Defines exactamente qué quieres hacer. Qué se necesita para ello. Cuál será el modelo de negocios. A quienes se necesitará. Cuántos recursos se requerirán para iniciar el proyecto y su capital de trabajo. Y lo más importante, la viabilidad del proyecto.
El Plan de Negocios, es lo más parecido a un examen de conciencia, ayuda a considerar todos los factores que se requieren para arrancar y poder ir estableciendo un negocio.
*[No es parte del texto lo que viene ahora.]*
(* Regard spinors as vectors in the 4-dimensional Euclidean space $(\mathrm{Cl}^+(3),(\cdot,\cdot))$ and let $I=e_1e_2e_3$. Then: (i) $\{a_1a_1=1,\ a_1a_2,\ a_1I,\ a_2I\}$ is a set of simple roots of a root system of type $A_2\oplus A_2$ contained in the $H_4$ root system $2I$; (ii) $\{a_1a_1=1,\ a_2a_3,\ a_2I,\ a_3I\}$ is a set of simple roots of a root system of type $H_2\oplus H_2$ contained in $2I$; (iii) $\{a_1a_1,\ a_1a_2,\ a_1a_3a_2a_1a_3a_2a_1a_3,\ a_3a_2a_1a_3a_2a_1a_3a_2a_3a_1a_2a_3\}$ is a set of simple roots of a root system of type $A_4$ contained in $2I$. (A set of simple roots of a given type means its Cartan matrix $A_{ij}=2(\beta_i,\beta_j)/(\beta_i,\beta_i)$ is that of the given type and the root system generated from it by the reflections $s_R(X)=-R\tilde XR$ lies in $2I$.)
   Context: $\mathrm{Cl}(3)$ is the real Clifford algebra of Euclidean $\mathbb{R}^3$ with orthonormal basis $e_1,e_2,e_3$ ($e_i^2=1$, $e_ie_j=-e_je_i$ for $i\neq j$); all products are geometric products. The even subalgebra $\mathrm{Cl}^+(3)$ is spanned by $1,e_2e_3,e_3e_1,e_1e_2$ (spinors). Reversal $\tilde{\ }$ reverses the order of vector factors. The spinor inner product $(R_1,R_2)=\tfrac12(R_1\tilde R_2+R_2\tilde R_1)$ makes $\mathrm{Cl}^+(3)$ a 4D Euclidean space with orthonormal basis $1,e_2e_3,e_3e_1,e_1e_2$; for unit $R$, $s_R(X)=X-2(R,X)R=-R\tilde XR$. Let $\tau=\frac{1+\sqrt5}{2}$. The $H_3$ simple roots are $a_1=e_2$, $a_2=\tfrac12(-\tau e_1-e_2-(\tau-1)e_3)$, $a_3=e_1$. The binary icosahedral group $2I$ is the set of all products of an even number of factors from $\{a_1,a_2,a_3\}$ (order 120); as 120 vectors in the 4D spinor space it is the $H_4$ root system. Cartan matrices: $A_2\oplus A_2$ is block diagonal with two blocks $\begin{pmatrix}2&-1\\-1&2\end{pmatrix}$; $H_2\oplus H_2$ is block diagonal with two blocks $\begin{pmatrix}2&-\tau\\-\tau&2\end{pmatrix}$; $A_4$ is the $4\times4$ tridiagonal matrix with $2$ on the diagonal and $-1$ on the off-diagonals (up to ordering of simple roots). *)

theory Defs
  imports Complex_Main "HOL-Combinatorics.Permutations"
begin

text \<open>Multivectors of Cl(3): coefficient functions on blades, a blade being a subset
  of {1,2,3} (the blade e_A is the product of the e_i, i in A, in increasing order).
  Coefficients of sets not contained in {1,2,3} are irrelevant and kept at 0.\<close>

type_synonym mv = "nat set \<Rightarrow> real"

definition blades :: "nat set set" where
  "blades = Pow {1,2,3}"

text \<open>Sign of e_A e_B = sign * e_(A symdiff B), using e_i^2 = 1 and anticommutation.\<close>
definition bsign :: "nat set \<Rightarrow> nat set \<Rightarrow> real" where
  "bsign A B = (-1) ^ card {(i,j). i \<in> A \<and> j \<in> B \<and> j < i}"

definition symd :: "nat set \<Rightarrow> nat set \<Rightarrow> nat set" where
  "symd A B = (A - B) \<union> (B - A)"

definition gp :: "mv \<Rightarrow> mv \<Rightarrow> mv" (infixl "\<odot>" 70) where
  "gp x y = (\<lambda>C. if C \<in> blades
     then (\<Sum>A\<in>blades. bsign A (symd A C) * x A * y (symd A C)) else 0)"

definition mv_scalar :: "real \<Rightarrow> mv" where
  "mv_scalar c = (\<lambda>A. if A = {} then c else 0)"

definition mv_one :: mv where "mv_one = mv_scalar 1"

definition mv_add :: "mv \<Rightarrow> mv \<Rightarrow> mv" where
  "mv_add x y = (\<lambda>A. x A + y A)"

definition mv_smult :: "real \<Rightarrow> mv \<Rightarrow> mv" where
  "mv_smult c x = (\<lambda>A. c * x A)"

definition mv_neg :: "mv \<Rightarrow> mv" where
  "mv_neg x = (\<lambda>A. - x A)"

definition ev :: "nat \<Rightarrow> mv" where
  "ev i = (\<lambda>A. if A = {i} then 1 else 0)"

definition mv_rev :: "mv \<Rightarrow> mv" where
  "mv_rev x = (\<lambda>A. (-1) ^ (card A * (card A - 1) div 2) * x A)"

definition spinors :: "mv set" where
  "spinors = {x. \<forall>A. (A \<notin> blades \<or> odd (card A)) \<longrightarrow> x A = 0}"

text \<open>Spinor inner product (R1,R2) = 1/2 (R1 ~R2 + R2 ~R1); for spinors this is a
  scalar, and we take its scalar (empty-blade) coefficient as a real number.\<close>
definition sinner :: "mv \<Rightarrow> mv \<Rightarrow> real" where
  "sinner R1 R2 = (1/2) * ((R1 \<odot> mv_rev R2) {} + (R2 \<odot> mv_rev R1) {})"

definition srefl :: "mv \<Rightarrow> mv \<Rightarrow> mv" where
  "srefl R X = mv_neg ((R \<odot> mv_rev X) \<odot> R)"

definition tau :: real where "tau = (1 + sqrt 5) / 2"

text \<open>H3 simple roots a_1, a_2, a_3.\<close>
definition aroot :: "nat \<Rightarrow> mv" where
  "aroot k = (if k = 1 then ev 2
     else if k = 2 then mv_smult (1/2)
            (mv_add (mv_add (mv_smult (- tau) (ev 1)) (mv_neg (ev 2)))
                    (mv_smult (- (tau - 1)) (ev 3)))
     else ev 1)"

definition aword :: "nat list \<Rightarrow> mv" where
  "aword ws = foldr (\<lambda>k acc. aroot k \<odot> acc) ws mv_one"

definition pseudoI :: mv where "pseudoI = (ev 1 \<odot> ev 2) \<odot> ev 3"

text \<open>Binary icosahedral group 2I: all products of an even number of factors from
  {a_1,a_2,a_3} (the empty product 1 included).\<close>
definition binicos :: "mv set" where
  "binicos = {aword ws | ws. even (length ws) \<and> set ws \<subseteq> {1,2,3}}"

inductive_set gen_roots :: "mv set \<Rightarrow> mv set" for S :: "mv set" where
  base: "X \<in> S \<Longrightarrow> X \<in> gen_roots S"
| refl: "R \<in> gen_roots S \<Longrightarrow> X \<in> gen_roots S \<Longrightarrow> srefl R X \<in> gen_roots S"

definition cartan :: "(nat \<Rightarrow> mv) \<Rightarrow> nat \<Rightarrow> nat \<Rightarrow> real" where
  "cartan \<beta> i j = 2 * sinner (\<beta> i) (\<beta> j) / sinner (\<beta> i) (\<beta> i)"

definition cartan_A2A2 :: "nat \<Rightarrow> nat \<Rightarrow> real" where
  "cartan_A2A2 i j =
     (if i = j then 2 else if {i,j} = {0,1} \<or> {i,j} = {2,3} then -1 else 0)"

definition cartan_H2H2 :: "nat \<Rightarrow> nat \<Rightarrow> real" where
  "cartan_H2H2 i j =
     (if i = j then 2 else if {i,j} = {0,1} \<or> {i,j} = {2,3} then - tau else 0)"

definition cartan_A4 :: "nat \<Rightarrow> nat \<Rightarrow> real" where
  "cartan_A4 i j = (if i = j then 2 else if i = j + 1 \<or> j = i + 1 then -1 else 0)"

definition simple_roots_of_type_in_2I :: "(nat \<Rightarrow> mv) \<Rightarrow> (nat \<Rightarrow> nat \<Rightarrow> real) \<Rightarrow> bool" where
  "simple_roots_of_type_in_2I \<beta> M \<longleftrightarrow>
     (\<forall>i<4. \<beta> i \<in> spinors) \<and>
     (\<exists>p. p permutes {0..<4} \<and> (\<forall>i<4. \<forall>j<4. cartan \<beta> (p i) (p j) = M i j)) \<and>
     gen_roots (\<beta> ` {0..<4}) \<subseteq> binicos"

end

theory Submission
  imports Defs
begin

(* In the blade coordinates of Cl(3) the geometric product, the reversal and the spinor inner
   product (which is just the Euclidean inner product of coordinates) are explicit polynomial
   formulas, so with tau^2 = tau + 1 the Cartan matrices are a finite computation.
   For the containment in 2I: since -1 = a1 a3 a1 a3 and reversal reverses words in the unit
   vectors a_k, the reflection s_R(X) = - R ~X R of two even words is again an even word.  Thus 2I
   is closed under reflection in its own elements, and it suffices that the simple roots lie in
   2I.  For a_k I this holds because I = (a3 a2 a1)^5 is an odd word: the Coxeter element
   s3 s2 s1 of H3 raised to half the Coxeter number 10 is the longest element, which acts as -1
   on R^3, so its versor is +-I. *)

(* keeps the blade {1} from being rewritten to {Suc 0} *)
declare One_nat_def [simp del]

lemma tau_sq: "tau * tau = tau + 1"
  unfolding tau_def by (simp add: field_simps)

lemma tau_mult_tau_mult: "tau * (tau * x) = tau * x + x"
  by (metis tau_sq distrib_right mult.assoc mult_1)

lemma blades_eq: "blades = {{},{1},{2},{3},{1,2},{1,3},{2,3},{1,2,3}}"
  unfolding blades_def by (simp add: Pow_insert insert_commute)

lemma in_blades:
  "{} \<in> blades" "{1} \<in> blades" "{2} \<in> blades" "{3} \<in> blades"
  "{1,2} \<in> blades" "{1,3} \<in> blades" "{2,3} \<in> blades" "{1,2,3} \<in> blades"
  by (simp_all add: blades_eq)

lemma sum_blades:
  "sum f blades = f {} + f {1} + f {2} + f {3} + f {1,2} + f {1,3} + f {2,3} + f {1,2,3}"
  by (simp add: blades_eq doubleton_eq_iff insert_eq_iff add.assoc)

lemma bsign_eq:
  assumes "finite A" "finite B"
  shows "bsign A B = (-1) ^ (\<Sum>i\<in>A. card (B \<inter> {..<i}))"
proof -
  have "{(i,j). i \<in> A \<and> j \<in> B \<and> j < i} = Sigma A (\<lambda>i. B \<inter> {..<i})" by auto
  then show ?thesis unfolding bsign_def using assms by simp
qed

definition mvec ::
    "real \<Rightarrow> real \<Rightarrow> real \<Rightarrow> real \<Rightarrow> real \<Rightarrow> real \<Rightarrow> real \<Rightarrow> real \<Rightarrow> mv" where
  "mvec a0 a1 a2 a3 a12 a13 a23 a123 = (\<lambda>A.
     if A = {} then a0 else if A = {1} then a1 else if A = {2} then a2 else if A = {3} then a3
     else if A = {1,2} then a12 else if A = {1,3} then a13 else if A = {2,3} then a23
     else if A = {1,2,3} then a123 else 0)"

lemma mvec_apply [simp]:
  "mvec a0 a1 a2 a3 a12 a13 a23 a123 {} = a0"
  "mvec a0 a1 a2 a3 a12 a13 a23 a123 {1} = a1"
  "mvec a0 a1 a2 a3 a12 a13 a23 a123 {2} = a2"
  "mvec a0 a1 a2 a3 a12 a13 a23 a123 {3} = a3"
  "mvec a0 a1 a2 a3 a12 a13 a23 a123 {1,2} = a12"
  "mvec a0 a1 a2 a3 a12 a13 a23 a123 {1,3} = a13"
  "mvec a0 a1 a2 a3 a12 a13 a23 a123 {2,3} = a23"
  "mvec a0 a1 a2 a3 a12 a13 a23 a123 {1,2,3} = a123"
  by (simp_all add: mvec_def doubleton_eq_iff insert_eq_iff)

lemma mvec_outside_blades: "C \<notin> blades \<Longrightarrow> mvec a0 a1 a2 a3 a12 a13 a23 a123 C = 0"
  by (auto simp: mvec_def blades_eq)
Desgraciadamente , muchos empresarios, no lo consideran así; si hacemos una encuesta veremos que nunca existió tal documento, y como han sobrevivido muchos años, no se requiere. El problema está que estos nuevos tiempos exigirán algo más que ir con la corriente, es necesario hacer cosas distintas, pero antes de hacerlas, debemos evaluar exactamente cómo estamos.
Utilizando una referencia del Maestro Aníbal Basurto:
La mayoría de las carreras en la rama económica–administrativa fueron pensadas para una sociedad consumista, en la que no había cliente; había simplemente consumidores o usuarios de los productos y servicios, que las empresas lanzaban al mercado sin pensar para nada en un cliente que no exigía, sólo consumía. Sin embargo, el mundo se movió; el consumidor despareció, y de sus adentros surgió un monstruo insaciable llamado cliente, quien con su poder de compra está redefiniendo las formas como las empresas se planifican, se diseñan, se organizan, realizan sus procesos productivos y de gestión, comercializan y cobran. http://materiadenegocios.com/materia-de-negocios-1/empresa-inteligente/
La crisis global por la que estamos pasando, dará más poder a los clientes, donde ellos buscando maximizar los beneficios de un producto/servicio por su costo, encontrarán por cielo, mar y tierra (Globalmente, ya no la tiendita de la esquina) la empresa quién se los ofrezca. La lealtad del cliente como antes se conocía, desaparecerá; como mercenarios, buscarán al mejor postor, que les den el beneficio, garantía y valor agregado deseado; ya no les interesará la nacionalidad, si son de mortero o virtuales. Las empresas que deseen sobrevivir, deberán ahora enfocarse a atrapar a los clientes con mira telescópica, de manera selectiva, el tirar redes al mar para ver qué se pesca, serán recursos perdidos.
Por lo tanto, la pregunta que debemos hacernos es, ¿Qué cambios estructurales debemos hacer en nuestras empresas, para poder enfrentar a clientes que conscientemente tendrán más poder ante la crisis global?